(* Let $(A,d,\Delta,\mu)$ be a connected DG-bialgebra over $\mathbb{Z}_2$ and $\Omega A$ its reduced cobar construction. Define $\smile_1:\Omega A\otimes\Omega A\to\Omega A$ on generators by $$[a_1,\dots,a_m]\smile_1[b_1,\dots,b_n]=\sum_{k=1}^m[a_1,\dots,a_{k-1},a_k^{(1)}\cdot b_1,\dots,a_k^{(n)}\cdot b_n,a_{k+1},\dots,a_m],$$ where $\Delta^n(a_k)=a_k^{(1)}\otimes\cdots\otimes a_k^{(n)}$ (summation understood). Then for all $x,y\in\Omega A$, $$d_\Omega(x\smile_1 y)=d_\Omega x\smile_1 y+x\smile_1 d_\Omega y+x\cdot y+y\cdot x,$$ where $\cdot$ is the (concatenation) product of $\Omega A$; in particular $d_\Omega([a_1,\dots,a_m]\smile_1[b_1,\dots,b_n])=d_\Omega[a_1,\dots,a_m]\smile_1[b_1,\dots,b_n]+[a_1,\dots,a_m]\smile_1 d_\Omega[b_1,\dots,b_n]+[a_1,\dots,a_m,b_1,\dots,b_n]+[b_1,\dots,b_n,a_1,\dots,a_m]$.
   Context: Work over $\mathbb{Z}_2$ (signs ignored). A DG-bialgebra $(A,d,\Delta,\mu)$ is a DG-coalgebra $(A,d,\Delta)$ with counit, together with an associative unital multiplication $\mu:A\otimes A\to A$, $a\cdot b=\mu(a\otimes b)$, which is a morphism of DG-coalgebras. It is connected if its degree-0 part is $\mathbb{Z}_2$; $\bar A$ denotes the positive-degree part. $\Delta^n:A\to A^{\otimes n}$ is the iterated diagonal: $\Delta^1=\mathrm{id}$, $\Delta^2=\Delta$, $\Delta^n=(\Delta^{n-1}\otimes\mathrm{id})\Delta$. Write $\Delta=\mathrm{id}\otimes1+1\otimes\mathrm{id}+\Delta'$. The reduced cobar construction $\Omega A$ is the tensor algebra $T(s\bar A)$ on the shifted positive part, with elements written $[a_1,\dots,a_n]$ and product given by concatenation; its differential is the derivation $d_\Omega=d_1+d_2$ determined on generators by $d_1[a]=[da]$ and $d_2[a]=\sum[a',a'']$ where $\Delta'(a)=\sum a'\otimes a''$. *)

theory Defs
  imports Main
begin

+ + + + + + +

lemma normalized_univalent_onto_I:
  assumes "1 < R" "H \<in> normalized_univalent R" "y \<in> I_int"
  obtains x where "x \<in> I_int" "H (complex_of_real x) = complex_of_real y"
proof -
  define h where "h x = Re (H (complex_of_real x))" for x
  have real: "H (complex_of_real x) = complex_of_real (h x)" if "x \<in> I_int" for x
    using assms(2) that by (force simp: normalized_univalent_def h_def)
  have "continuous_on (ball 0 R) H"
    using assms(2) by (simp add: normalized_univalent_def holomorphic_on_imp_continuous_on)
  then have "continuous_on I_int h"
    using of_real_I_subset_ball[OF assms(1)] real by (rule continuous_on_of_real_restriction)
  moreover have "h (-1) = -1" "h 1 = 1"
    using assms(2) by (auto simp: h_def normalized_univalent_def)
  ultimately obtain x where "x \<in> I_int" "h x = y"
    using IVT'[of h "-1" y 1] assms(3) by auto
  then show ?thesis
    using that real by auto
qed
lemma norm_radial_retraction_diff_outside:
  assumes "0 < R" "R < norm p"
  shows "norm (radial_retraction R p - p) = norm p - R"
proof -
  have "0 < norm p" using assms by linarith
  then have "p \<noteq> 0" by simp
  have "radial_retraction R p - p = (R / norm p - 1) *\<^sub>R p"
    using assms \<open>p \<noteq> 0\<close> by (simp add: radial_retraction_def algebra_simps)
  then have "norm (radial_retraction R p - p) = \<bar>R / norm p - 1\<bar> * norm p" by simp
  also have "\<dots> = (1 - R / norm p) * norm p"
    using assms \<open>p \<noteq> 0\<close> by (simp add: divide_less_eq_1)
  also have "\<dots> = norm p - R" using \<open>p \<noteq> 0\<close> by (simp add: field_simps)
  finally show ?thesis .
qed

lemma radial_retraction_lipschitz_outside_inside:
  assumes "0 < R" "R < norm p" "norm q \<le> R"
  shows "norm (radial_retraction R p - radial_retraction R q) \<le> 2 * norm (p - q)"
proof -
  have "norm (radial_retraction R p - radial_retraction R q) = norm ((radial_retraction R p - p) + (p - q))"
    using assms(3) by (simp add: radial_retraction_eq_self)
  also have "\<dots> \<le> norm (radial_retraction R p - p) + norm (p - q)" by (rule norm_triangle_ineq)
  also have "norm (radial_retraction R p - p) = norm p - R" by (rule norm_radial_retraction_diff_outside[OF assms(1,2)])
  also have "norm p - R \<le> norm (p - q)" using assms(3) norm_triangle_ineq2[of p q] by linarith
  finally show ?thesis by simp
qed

+ + + + + + +

→ **What to produce**
Your task is to copy each line of the entries that includes the word "assms".

→ **Solution**
    using assms(2) that by (force simp: normalized_univalent_def h_def)
    using assms(2) by (simp add: normalized_univalent_def holomorphic_on_imp_continuous_on)
    using of_real_I_subset_ball[OF assms(1)] real by (rule continuous_on_of_real_restriction)
    using assms(2) by (auto simp: h_def normalized_univalent_def)
    using IVT'[of h "-1" y 1] assms(3) by auto
  have "0 < norm p" using assms by linarith
    using assms \<open>p \<noteq> 0\<close> by (simp add: radial_retraction_def algebra_simps)
    using assms \<open>p \<noteq> 0\<close> by (simp add: divide_less_eq_1)
    using assms(3) by (simp add: radial_retraction_eq_self)
  also have "norm (radial_retraction R p - p) = norm p - R" by (rule norm_radial_retraction_diff_outside[OF assms(1,2)])
  also have "norm p - R \<le> norm (p - q)" using assms(3) norm_triangle_ineq2[of p q] by linarith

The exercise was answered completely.